Exercise objective:
The expected answer is all of the entries, written out exactly.
───
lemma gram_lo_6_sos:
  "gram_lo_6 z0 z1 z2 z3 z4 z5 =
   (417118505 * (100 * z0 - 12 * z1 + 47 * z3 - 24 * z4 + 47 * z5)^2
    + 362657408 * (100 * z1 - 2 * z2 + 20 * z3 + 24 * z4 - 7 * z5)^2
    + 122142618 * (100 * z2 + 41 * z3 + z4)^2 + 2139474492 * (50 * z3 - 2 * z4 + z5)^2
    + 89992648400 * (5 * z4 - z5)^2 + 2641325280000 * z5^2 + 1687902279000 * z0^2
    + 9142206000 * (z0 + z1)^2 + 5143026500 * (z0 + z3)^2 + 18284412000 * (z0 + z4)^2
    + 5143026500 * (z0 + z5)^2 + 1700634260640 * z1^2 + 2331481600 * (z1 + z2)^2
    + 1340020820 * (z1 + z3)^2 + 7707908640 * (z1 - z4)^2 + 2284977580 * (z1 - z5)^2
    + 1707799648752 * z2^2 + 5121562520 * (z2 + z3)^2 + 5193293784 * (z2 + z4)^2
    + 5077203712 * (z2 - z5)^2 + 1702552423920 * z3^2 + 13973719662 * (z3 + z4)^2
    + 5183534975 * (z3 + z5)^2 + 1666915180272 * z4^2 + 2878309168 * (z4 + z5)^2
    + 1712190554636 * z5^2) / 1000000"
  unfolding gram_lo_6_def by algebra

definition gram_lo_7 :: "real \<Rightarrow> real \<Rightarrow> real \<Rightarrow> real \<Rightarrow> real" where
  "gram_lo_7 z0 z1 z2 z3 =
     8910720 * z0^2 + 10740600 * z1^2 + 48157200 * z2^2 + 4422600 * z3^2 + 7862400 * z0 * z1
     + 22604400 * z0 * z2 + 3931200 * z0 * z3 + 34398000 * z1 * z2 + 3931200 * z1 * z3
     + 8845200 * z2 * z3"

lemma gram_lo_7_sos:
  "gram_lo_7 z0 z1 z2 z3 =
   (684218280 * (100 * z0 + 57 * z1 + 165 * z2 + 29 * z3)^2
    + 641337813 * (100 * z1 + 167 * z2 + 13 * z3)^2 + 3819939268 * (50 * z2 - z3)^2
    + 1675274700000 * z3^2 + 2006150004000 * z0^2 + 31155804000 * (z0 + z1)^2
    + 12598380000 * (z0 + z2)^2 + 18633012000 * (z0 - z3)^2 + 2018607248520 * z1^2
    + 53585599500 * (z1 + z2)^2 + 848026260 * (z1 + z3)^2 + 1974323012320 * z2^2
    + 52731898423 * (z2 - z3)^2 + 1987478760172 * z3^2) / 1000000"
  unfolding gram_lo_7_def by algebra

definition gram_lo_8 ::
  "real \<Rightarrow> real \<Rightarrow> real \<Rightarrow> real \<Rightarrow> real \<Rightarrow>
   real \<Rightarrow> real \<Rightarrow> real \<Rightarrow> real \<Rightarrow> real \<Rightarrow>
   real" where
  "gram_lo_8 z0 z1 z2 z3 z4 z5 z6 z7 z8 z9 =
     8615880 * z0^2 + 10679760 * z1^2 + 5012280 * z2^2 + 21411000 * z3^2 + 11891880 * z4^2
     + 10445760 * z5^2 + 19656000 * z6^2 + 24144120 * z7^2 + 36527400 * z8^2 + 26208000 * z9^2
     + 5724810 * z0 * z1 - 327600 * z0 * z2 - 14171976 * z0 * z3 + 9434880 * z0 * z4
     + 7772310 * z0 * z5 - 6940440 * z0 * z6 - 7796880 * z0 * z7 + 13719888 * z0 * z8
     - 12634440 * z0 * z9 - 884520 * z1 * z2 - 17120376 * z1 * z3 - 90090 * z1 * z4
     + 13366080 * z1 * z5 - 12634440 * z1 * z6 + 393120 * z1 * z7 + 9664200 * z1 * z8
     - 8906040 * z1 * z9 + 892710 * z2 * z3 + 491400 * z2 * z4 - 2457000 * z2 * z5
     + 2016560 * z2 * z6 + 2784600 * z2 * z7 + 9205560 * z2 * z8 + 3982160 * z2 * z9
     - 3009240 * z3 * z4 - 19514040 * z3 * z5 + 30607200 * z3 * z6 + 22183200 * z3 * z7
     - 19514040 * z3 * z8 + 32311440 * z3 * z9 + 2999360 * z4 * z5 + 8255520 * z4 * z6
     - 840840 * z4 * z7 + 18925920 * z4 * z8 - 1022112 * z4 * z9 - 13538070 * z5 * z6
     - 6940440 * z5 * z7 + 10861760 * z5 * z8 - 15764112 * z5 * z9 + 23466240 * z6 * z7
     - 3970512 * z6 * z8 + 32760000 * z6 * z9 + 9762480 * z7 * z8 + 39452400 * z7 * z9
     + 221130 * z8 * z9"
───
Completed exercise:
lemma gram_lo_6_sos:
  "gram_lo_6 z0 z1 z2 z3 z4 z5 =
   (417118505 * (100 * z0 - 12 * z1 + 47 * z3 - 24 * z4 + 47 * z5)^2
    + 362657408 * (100 * z1 - 2 * z2 + 20 * z3 + 24 * z4 - 7 * z5)^2
    + 122142618 * (100 * z2 + 41 * z3 + z4)^2 + 2139474492 * (50 * z3 - 2 * z4 + z5)^2
    + 89992648400 * (5 * z4 - z5)^2 + 2641325280000 * z5^2 + 1687902279000 * z0^2
    + 9142206000 * (z0 + z1)^2 + 5143026500 * (z0 + z3)^2 + 18284412000 * (z0 + z4)^2
    + 5143026500 * (z0 + z5)^2 + 1700634260640 * z1^2 + 2331481600 * (z1 + z2)^2
    + 1340020820 * (z1 + z3)^2 + 7707908640 * (z1 - z4)^2 + 2284977580 * (z1 - z5)^2
    + 1707799648752 * z2^2 + 5121562520 * (z2 + z3)^2 + 5193293784 * (z2 + z4)^2
    + 5077203712 * (z2 - z5)^2 + 1702552423920 * z3^2 + 13973719662 * (z3 + z4)^2
    + 5183534975 * (z3 + z5)^2 + 1666915180272 * z4^2 + 2878309168 * (z4 + z5)^2
    + 1712190554636 * z5^2) / 1000000"
  unfolding gram_lo_6_def by algebra

definition gram_lo_7 :: "real \<Rightarrow> real \<Rightarrow> real \<Rightarrow> real \<Rightarrow> real" where
  "gram_lo_7 z0 z1 z2 z3 =
     8910720 * z0^2 + 10740600 * z1^2 + 48157200 * z2^2 + 4422600 * z3^2 + 7862400 * z0 * z1
     + 22604400 * z0 * z2 + 3931200 * z0 * z3 + 34398000 * z1 * z2 + 3931200 * z1 * z3
     + 8845200 * z2 * z3"

lemma gram_lo_7_sos:
  "gram_lo_7 z0 z1 z2 z3 =
   (684218280 * (100 * z0 + 57 * z1 + 165 * z2 + 29 * z3)^2
    + 641337813 * (100 * z1 + 167 * z2 + 13 * z3)^2 + 3819939268 * (50 * z2 - z3)^2
    + 1675274700000 * z3^2 + 2006150004000 * z0^2 + 31155804000 * (z0 + z1)^2
    + 12598380000 * (z0 + z2)^2 + 18633012000 * (z0 - z3)^2 + 2018607248520 * z1^2
    + 53585599500 * (z1 + z2)^2 + 848026260 * (z1 + z3)^2 + 1974323012320 * z2^2
    + 52731898423 * (z2 - z3)^2 + 1987478760172 * z3^2) / 1000000"
  unfolding gram_lo_7_def by algebra

definition gram_lo_8 ::
  "real \<Rightarrow> real \<Rightarrow> real \<Rightarrow> real \<Rightarrow> real \<Rightarrow>
   real \<Rightarrow> real \<Rightarrow> real \<Rightarrow> real \<Rightarrow> real \<Rightarrow>
   real" where
  "gram_lo_8 z0 z1 z2 z3 z4 z5 z6 z7 z8 z9 =
     8615880 * z0^2 + 10679760 * z1^2 + 5012280 * z2^2 + 21411000 * z3^2 + 11891880 * z4^2
     + 10445760 * z5^2 + 19656000 * z6^2 + 24144120 * z7^2 + 36527400 * z8^2 + 26208000 * z9^2
     + 5724810 * z0 * z1 - 327600 * z0 * z2 - 14171976 * z0 * z3 + 9434880 * z0 * z4
     + 7772310 * z0 * z5 - 6940440 * z0 * z6 - 7796880 * z0 * z7 + 13719888 * z0 * z8
     - 12634440 * z0 * z9 - 884520 * z1 * z2 - 17120376 * z1 * z3 - 90090 * z1 * z4
     + 13366080 * z1 * z5 - 12634440 * z1 * z6 + 393120 * z1 * z7 + 9664200 * z1 * z8
     - 8906040 * z1 * z9 + 892710 * z2 * z3 + 491400 * z2 * z4 - 2457000 * z2 * z5
     + 2016560 * z2 * z6 + 2784600 * z2 * z7 + 9205560 * z2 * z8 + 3982160 * z2 * z9
     - 3009240 * z3 * z4 - 19514040 * z3 * z5 + 30607200 * z3 * z6 + 22183200 * z3 * z7
     - 19514040 * z3 * z8 + 32311440 * z3 * z9 + 2999360 * z4 * z5 + 8255520 * z4 * z6
     - 840840 * z4 * z7 + 18925920 * z4 * z8 - 1022112 * z4 * z9 - 13538070 * z5 * z6
     - 6940440 * z5 * z7 + 10861760 * z5 * z8 - 15764112 * z5 * z9 + 23466240 * z6 * z7
     - 3970512 * z6 * z8 + 32760000 * z6 * z9 + 9762480 * z7 * z8 + 39452400 * z7 * z9
     + 221130 * z8 * z9"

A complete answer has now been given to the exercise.